In this topic I explain the PC (Penalizing Complexity) priors, with insights from my personal point of view.
TODO: Rewrite this from a more applied point of view, further away from the PC paper.
Assume you have a Generalised Additive Model (GAM): \[\begin{align} y &\sim \text{Likelihood}(\eta) \\ \eta &= f_1(x_1) + f_2(x_2) + f_3(x_3) \\ f_1(x_1) &\sim \mathcal N(0, Q_1^{-1}(\theta_1)) \end{align}\] Here, \(y\) is the response, an can follow “any usual” likelihood (Gaussian, Poisson, Binomial, etc). The \(f_1\) is the first model component, and it is a function of covariate \(x_1\). All the model components have a Gaussian distribution, specifically for \(f_1\) we use the Gaussian distribution with precision matrix \(Q_1^(\theta_1)\), which depends on hyperparameters \(\theta_1\) (usually 1-3 parameters).
Many authors refer to the choice of the precision matrix as the prior for \(f_1\), however, this is not what we call a prior (this we call for \(f_1\)). What we call priors are the priors on the hyperparameters (\(\theta\)’s).
library(ggplot2)
set.seed(2021)
Assume \[Q_1 = \tau R_1 \] where
\(\tau\) is the hyperparameter called
prec
(because it scales the precision matrix), and \(R_1\) is some precision matrix. The
following arguments are very general, but to simplify the example, the
reader can assume that \(R_1\) is the
identity matrix, i.e.
\[Q_1 = \tau I. \] The marginal
variance of \(f_1\) is then \(1/\tau\), and the marginal standard
deviation is \[\sigma = \tau^{-1/2}.
\]
A common prior for the \(\tau\) is the exponential prior, also known as a Gamma prior, \[\pi_o(\tau) = \Gamma(1, b)(\tau) = b e^{-b \tau} \] where \(b\) is a small number, e.g. 0.001.
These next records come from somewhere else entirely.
lemma U_at_qzero: "U_at qzero = 1\<^sub>m m"
proof -
  have z: "qzero \<in> Q" using qzero_in_Qset[OF ns_pos] .
  let ?V = "U_at qzero"
  have V: "?V \<in> carrier_mat m m" "adj ?V \<in> carrier_mat m m"
    using U_at_carrier[OF z] adj_carrier by auto
  have "?V = (adj ?V * ?V) * ?V" using adj_U_at_mult[OF z] V by simp
  also have "\<dots> = adj ?V * (?V * ?V)" using V by (simp add: assoc_mult_mat)
  also have "?V * ?V = ?V" using U_at_qadd[OF z z] qadd_qzero by simp
  finally show ?thesis using adj_U_at_mult[OF z] by simp
qed

lemma phi_at_eq: "phi_at q = U_at q *\<^sub>v \<phi>"
  unfolding phiq_def fvec_def ..

lemma phi_at_carrier: "q \<in> Q \<Longrightarrow> phi_at q \<in> carrier_vec m"
  unfolding phi_at_eq using U_at_carrier phi_dim by (rule mult_mat_vec_carrier)

lemma phi_at_qzero: "phi_at qzero = \<phi>"
  unfolding phi_at_eq U_at_qzero using phi_dim by simp

lemma fvec_eq_phi_at: "i < n \<Longrightarrow> fvec U \<phi> i = phi_at (\<psi> i)"
  unfolding phi_at_eq fvec_def by (simp add: U_at_psi)

lemma U_at_phi_at:
  assumes "r \<in> Q" "q \<in> Q"
  shows "U_at r *\<^sub>v phi_at q = phi_at (qadd ns r q)"
  unfolding phi_at_eq U_at_qadd[OF assms]
  using assoc_mult_mat_vec[OF U_at_carrier[OF assms(1)] U_at_carrier[OF assms(2)] phi_dim] by simp

lemma phi_hat_eq: "phi_hat h = vec m (\<lambda>r. \<Sum>q\<in>Q. (chi ns h q / sqrt_n) * phi_at q $ r)"
  unfolding phihat_def by (simp add: sum_distrib_left)

lemma phi_hat_carrier: "phi_hat h \<in> carrier_vec m"
  unfolding phihat_def by (rule vec_carrier)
We transform this to a prior on \(\sigma\), for use later: \[\pi_o(\tau) = 2 b \sigma^{-3} e^{-b \sigma^{-2}} \]
The prior I use, which is the PC prior (more on that later), is an exponential prior on \(\sigma\), \[\pi(\sigma) = \lambda e^{-\lambda \sigma}, \] where \(\lambda\) could e.g. be 0.1. This can be transformed into a prior on \(\tau\), \[\pi_n(\tau) = \frac{\lambda}{2} \tau^{-3/2} \exp(-\lambda \tau^{-1/2}). \] This distribution happens to be called a type-2 Gumbel distribution.
b = 0.0076
lambda = 4.75
tau = seq(0.0001, 200, length.out=1E4)
pri.tau.old = b*exp(-b*tau)
pri.tau.new = lambda/2 * tau^(-3/2) *exp(-lambda * tau^(-1/2))
plot(tau, pri.tau.old, type="l", ylim=c(0, max(c(pri.tau.old, pri.tau.new))), ylab="density")
lines(tau, pri.tau.new, col="blue")
sigma = seq(0.0001, 0.6, length.out=1E4)
pri.sig.old = 2*b*sigma^(-3) *exp(-b*sigma^(-2))
pri.sig.new = lambda*exp(-lambda*sigma)
plot(sigma, pri.sig.old, type="l", ylim=c(0, max(c(pri.sig.old, pri.sig.new))), ylab="density")
lines(sigma, pri.sig.new, col="blue")
Why is the “old” prior (black line) bad? For the precision, it is hard to say anything about what the right shape is. However, for \(\sigma\), we do not want a prior that pushes us away from 0. Values of \(\sigma\) near 0 are very meaningful, and represent simpler models than large values of sigma do. The “old” prior forces overfitting in cases where the model component should not be used.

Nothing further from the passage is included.